[Opening Provided entries section]

lemma hk_moment_chamber_image:
  fixes F :: "'d::finite set"
  shows "hk_moment ` chamber F = moment_cone"
proof
  show "hk_moment ` chamber F \<subseteq> moment_cone"
    using hk_moment_in_moment_cone by blast
  show "moment_cone \<subseteq> hk_moment ` chamber F"
  proof
    fix q :: "(real^'d) \<times> (complex^'d)"
    assume "q \<in> moment_cone"
    then have "\<forall>k. \<exists>z w. ((cmod z)\<^sup>2 + (cmod w)\<^sup>2) / 2 = fst q $ k \<and> \<i> * z * cnj w = snd q $ k \<and>
                        cmod w \<le> cmod z"
      unfolding moment_cone_def mem_Collect_eq by (metis ex_pair_with_moment)
    then obtain z w where zw: "\<And>k. ((cmod (z k))\<^sup>2 + (cmod (w k))\<^sup>2) / 2 = fst q $ k"
        "\<And>k. \<i> * z k * cnj (w k) = snd q $ k" "\<And>k. cmod (w k) \<le> cmod (z k)"
      by metis
    define p where "p = ((\<chi> k. z k), (\<chi> k. w k))"
    have "p \<in> chamber {}" and "hk_moment p = q"
      using zw by (simp_all add: p_def chamber_def prod_eq_iff vec_eq_iff)
    then show "q \<in> hk_moment ` chamber F"
      by (metis hk_moment_reflect image_eqI reflect_in_chamber)
  qed
qed

lemma chamber_point_with_moment:
  fixes F :: "'d::finite set"
  assumes "q \<in> moment_cone"
  obtains p where "p \<in> chamber F" "hk_moment p = q"
  using assms hk_moment_chamber_image[of F] by (metis imageE)

lemma chamber_Int_fibre:
  assumes p: "p \<in> chamber F"
  shows "chamber F \<inter> hk_moment -` {hk_moment p} = (\<lambda>t. tact t p) ` torus"
proof
  show "(\<lambda>t. tact t p) ` torus \<subseteq> chamber F \<inter> hk_moment -` {hk_moment p}"
    using p by (intro image_subsetI IntI) (simp_all add: hk_moment_tact tact_in_chamber_iff)
  show "chamber F \<inter> hk_moment -` {hk_moment p} \<subseteq> (\<lambda>t. tact t p) ` torus"
  proof
    fix q
    assume q: "q \<in> chamber F \<inter> hk_moment -` {hk_moment p}"
    have "\<exists>t. cmod t = 1 \<and> fst q $ k = t * fst p $ k \<and> snd q $ k = t * snd p $ k" for k
    proof (rule unit_scalar_if_same_moment)
      have "hk_moment p = hk_moment q"
        using q by simp
      then have "fst (hk_moment p) $ k = fst (hk_moment q) $ k"
        and "snd (hk_moment p) $ k = snd (hk_moment q) $ k"
        by simp_all
      then show "fst p $ k * cnj (snd p $ k) = fst q $ k * cnj (snd q $ k)"
        and "(cmod (fst p $ k))\<^sup>2 + (cmod (snd p $ k))\<^sup>2 = (cmod (fst q $ k))\<^sup>2 + (cmod (snd q $ k))\<^sup>2"
        by simp_all
      show "cmod (fst p $ k) \<le> cmod (snd p $ k) \<and> cmod (fst q $ k) \<le> cmod (snd q $ k) \<or>
            cmod (snd p $ k) \<le> cmod (fst p $ k) \<and> cmod (snd q $ k) \<le> cmod (fst q $ k)"
        using p q by (auto simp: chamber_def split: if_splits)
    qed
    then obtain t where "\<And>k. cmod (t k) = 1" "\<And>k. fst q $ k = t k * fst p $ k"
      "\<And>k. snd q $ k = t k * snd p $ k"
      by metis
    then have "(\<chi> k. t k) \<in> torus" and "q = tact (\<chi> k. t k) p"
      by (simp_all add: torus_def tact_def prod_eq_iff vec_eq_iff)
    then show "q \<in> (\<lambda>t. tact t p) ` torus"
      by blast
  qed
qed

lemma norm_vec_le_sum_norm_nth: "norm x \<le> (\<Sum>i\<in>UNIV. norm (x $ i))"
  unfolding norm_vec_def by (rule L2_set_le_sum) simp

lemma bounded_hk_moment_vimage:
  fixes Q :: "((real^'d::finite) \<times> (complex^'d)) set"
  assumes "bounded Q"
  shows "bounded (hk_moment -` Q)"
proof -
  obtain B where B: "\<And>q. q \<in> Q \<Longrightarrow> norm q \<le> B"
    using assms unfolding bounded_iff by auto
  have "norm p \<le> 2 * CARD('d) * sqrt (2 * B)" if "hk_moment p \<in> Q" for p
  proof -
    have "(cmod (fst p $ k))\<^sup>2 \<le> 2 * B \<and> (cmod (snd p $ k))\<^sup>2 \<le> 2 * B" for k
    proof -
      have "fst (hk_moment p) $ k \<le> norm (fst (hk_moment p))"
        using component_le_norm_cart abs_le_D1 by blast
      also have "\<dots> \<le> B"
        by (metis B[OF that] norm_fst_le prod.collapse order_trans)
      finally have "(cmod (fst p $ k))\<^sup>2 + (cmod (snd p $ k))\<^sup>2 \<le> 2 * B"
        by simp
      then show ?thesis
        using zero_le_power2[of "cmod (fst p $ k)"] zero_le_power2[of "cmod (snd p $ k)"] by linarith
    qed
    then have "cmod (fst p $ k) \<le> sqrt (2 * B) \<and> cmod (snd p $ k) \<le> sqrt (2 * B)" for k
      by (simp add: real_le_rsqrt)
    then have "norm (fst p) \<le> CARD('d) * sqrt (2 * B)" "norm (snd p) \<le> CARD('d) * sqrt (2 * B)"
      by (intro order_trans[OF norm_vec_le_sum_norm_nth sum_bounded_above], simp)+
    then show ?thesis
      using norm_Pair_le[of "fst p" "snd p"] by simp
  qed
  then show ?thesis
    unfolding bounded_iff by (intro exI ballI) auto
qed

section \<open>Connectedness of preimages of the moment map and of their quotients\<close>

lemma connected_chamber_Int_vimage:
  fixes Q :: "((real^'d::finite) \<times> (complex^'d)) set"
  assumes "connected Q" "Q \<subseteq> moment_cone"
  shows "connected (chamber F \<inter> hk_moment -` Q)"
proof (rule connected_closed_monotone_preimage)
  show "continuous_on (chamber F) hk_moment"
    by (rule continuous_on_hk_moment)
  show "hk_moment ` chamber F = moment_cone"
    by (rule hk_moment_chamber_image)
  show "closedin (top_of_set moment_cone) (hk_moment ` C)"
    if "closedin (top_of_set (chamber F)) C" for C
  proof (rule proper_map[OF that])
    fix U :: "((real^'d) \<times> (complex^'d)) set"
    assume "compact U"
    then have "closed (chamber F \<inter> hk_moment -` U)" and "bounded (chamber F \<inter> hk_moment -` U)"
      by (simp_all add: closed_chamber closed_Int compact_imp_closed closed_vimage
          continuous_on_hk_moment compact_imp_bounded bounded_hk_moment_vimage bounded_Int)
    then show "compact (chamber F \<inter> hk_moment -` U)"
      by (simp add: compact_eq_bounded_closed)
  next
    show "hk_moment ` chamber F \<subseteq> moment_cone"
      using hk_moment_in_moment_cone by blast
  qed
  show "connected (chamber F \<inter> hk_moment -` {q})" if "q \<in> moment_cone" for q
  proof -
    obtain p where "p \<in> chamber F" "q = hk_moment p"
      using \<open>q \<in> moment_cone\<close> by (metis chamber_point_with_moment)
    have "continuous_on torus (\<lambda>t. tact t p)"
      unfolding tact_def by (intro continuous_intros)
    then show ?thesis
      using \<open>p \<in> chamber F\<close> \<open>q = hk_moment p\<close>
      by (simp add: chamber_Int_fibre connected_continuous_image connected_torus)
  qed
qed (use assms in auto)

lemma connected_hk_moment_vimage:
  fixes Q :: "((real^'d::finite) \<times> (complex^'d)) set"
  assumes Q: "connected Q" "Q \<subseteq> moment_cone"
    and balanced: "\<And>k. \<exists>q\<in>Q. fst q $ k = cmod (snd q $ k)"
  shows "connected (hk_moment -` Q)"
proof -
  let ?L = "hk_moment -` Q"
  obtain q0 where "q0 \<in> Q"
    using balanced by blast
  then have "q0 \<in> moment_cone"
    using Q(2) by blast
  then obtain p0 where "p0 \<in> chamber {}" "hk_moment p0 = q0"
    by (rule chamber_point_with_moment)
  then have p0: "p0 \<in> chamber {} \<inter> ?L"
    using \<open>q0 \<in> Q\<close> by simp
  let ?C = "connected_component_set ?L p0"
  have "chamber F \<inter> ?L \<subseteq> ?C" if "finite F" for F
    using that
  proof (induction F rule: finite_induct)
    case empty
    show ?case
      using p0 connected_chamber_Int_vimage[OF Q] by (intro connected_component_maximal) auto
  next
    case (insert k F)
    \<comment> \<open>The chambers for F and insert k F meet over every q with alpha_k = |gamma_k|.\<close>
    obtain q where q: "q \<in> Q" "fst q $ k = cmod (snd q $ k)"
      using balanced by blast
    then have "q \<in> moment_cone"
      using Q(2) by blast
    then obtain p where p: "p \<in> chamber F" "hk_moment p = q"
      by (rule chamber_point_with_moment)
    have "cmod (\<i> * fst p $ k * cnj (snd p $ k)) = ((cmod (fst p $ k))\<^sup>2 + (cmod (snd p $ k))\<^sup>2) / 2"
      using q(2) unfolding p(2)[symmetric] hk_moment_nth by simp
    then have "cmod (fst p $ k) = cmod (snd p $ k)"
      by (simp only: cmod_mult_cnj_eq_iff)
    then have "p \<in> chamber (insert k F) \<inter> ?L"
      using p q(1) chamber_insert by blast
    moreover have "p \<in> ?C"
      using insert.IH p q(1) by blast
    then have "connected_component_set ?L p = ?C"
      by (rule connected_component_eq)
    ultimately show ?case
      using connected_chamber_Int_vimage[OF Q] connected_component_maximal inf.cobounded2
      by metis
  qed
  moreover have "p \<in> chamber {k. cmod (fst p $ k) < cmod (snd p $ k)}" for p
    by (auto simp: chamber_def)
  ultimately have "?L \<subseteq> ?C"
    using finite by blast
  then have "?C = ?L"
    using connected_component_subset by blast
  then show ?thesis
    by (metis connected_connected_component)
qed

lemma orbitN_eq_imp_tact:
  assumes "orbitN u p = orbitN u q"
  shows "\<exists>t\<in>torus. q = tact t p"
proof -
  have "q = tact (\<chi> k. 1) q" and "(\<chi> k. 1) \<in> Nsub u"
    by (simp_all add: tact_def Nsub_def torus_def)
  then have "q \<in> orbitN u q"
    unfolding orbitN_def by (rule image_eqI)
  then have "q \<in> orbitN u p"
    using assms by simp
  then obtain t where "t \<in> Nsub u" "q = tact t p"
    unfolding orbitN_def by (rule imageE)
  moreover from this(1) have "t \<in> torus"
    by (simp add: Nsub_def)
  ultimately show ?thesis
    by blast
qed

lemma balanced_moment_if_connected_quotient:
  fixes Q :: "((real^'d::finite) \<times> (complex^'d)) set" and u :: "'d \<Rightarrow> int^'n::finite"
  assumes conn: "connected_space (quot_topology (top_of_set (hk_moment -` Q)) (orbitN u))"
    and p0: "p0 \<in> hk_moment -` Q"
  shows "\<exists>q\<in>Q. fst q $ k = cmod (snd q $ k)"
proof -
  let ?L = "hk_moment -` Q"
  define h where "h p = cmod (fst p $ k) - cmod (snd p $ k)" for p :: "(complex^'d) \<times> (complex^'d)"
  have cont: "continuous_map (top_of_set ?L) euclideanreal h"
    unfolding h_def continuous_map_iff_continuous by (intro continuous_intros)
  have inv: "h p = h q" if "orbitN u p = orbitN u q" for p q
    using orbitN_eq_imp_tact[OF that] by (auto simp: h_def norm_tact_nth)
  have "connected (h ` ?L)"
    using connectedin_image_of_quotient_invariant[OF quotient_map_quot_topology conn cont inv]
    by simp
  moreover have "h p0 \<in> h ` ?L" "- h p0 \<in> h ` ?L"
  proof -
    have "reflect {k} p0 \<in> ?L" "h (reflect {k} p0) = - h p0"
      using p0 by (simp_all add: hk_moment_reflect h_def norm_reflect_nth)
    then show "h p0 \<in> h ` ?L" "- h p0 \<in> h ` ?L"
      using p0 by (metis image_eqI)+
  qed
  then have "- \<bar>h p0\<bar> \<in> h ` ?L" "\<bar>h p0\<bar> \<in> h ` ?L"
    by (cases "0 \<le> h p0"; simp)+
  ultimately have "{- \<bar>h p0\<bar> .. \<bar>h p0\<bar>} \<subseteq> h ` ?L"
    by (rule connected_contains_Icc)
  then have "0 \<in> h ` ?L"
    by auto
  then obtain p where "p \<in> ?L" "0 = h p"
    by (rule imageE)
  then have "cmod (\<i> * fst p $ k * cnj (snd p $ k)) = ((cmod (fst p $ k))\<^sup>2 + (cmod (snd p $ k))\<^sup>2) / 2"
    by (simp only: cmod_mult_cnj_eq_iff) (simp add: h_def)
  then show ?thesis
    using \<open>p \<in> ?L\<close> by (intro bexI[of _ "hk_moment p"]) simp_all
qed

[Closing Provided entries section]

#### The problem:
Could you retype exactly the lines above, starting at the line that contains "using component_le_norm_cart abs_le_D1" and ending at the line that contains "by (simp add: real_le_rsqrt)", and nothing more?

#### Result of this task:
        using component_le_norm_cart abs_le_D1 by blast
      also have "\<dots> \<le> B"
        by (metis B[OF that] norm_fst_le prod.collapse order_trans)
      finally have "(cmod (fst p $ k))\<^sup>2 + (cmod (snd p $ k))\<^sup>2 \<le> 2 * B"
        by simp
      then show ?thesis
        using zero_le_power2[of "cmod (fst p $ k)"] zero_le_power2[of "cmod (snd p $ k)"] by linarith
    qed
    then have "cmod (fst p $ k) \<le> sqrt (2 * B) \<and> cmod (snd p $ k) \<le> sqrt (2 * B)" for k
      by (simp add: real_le_rsqrt)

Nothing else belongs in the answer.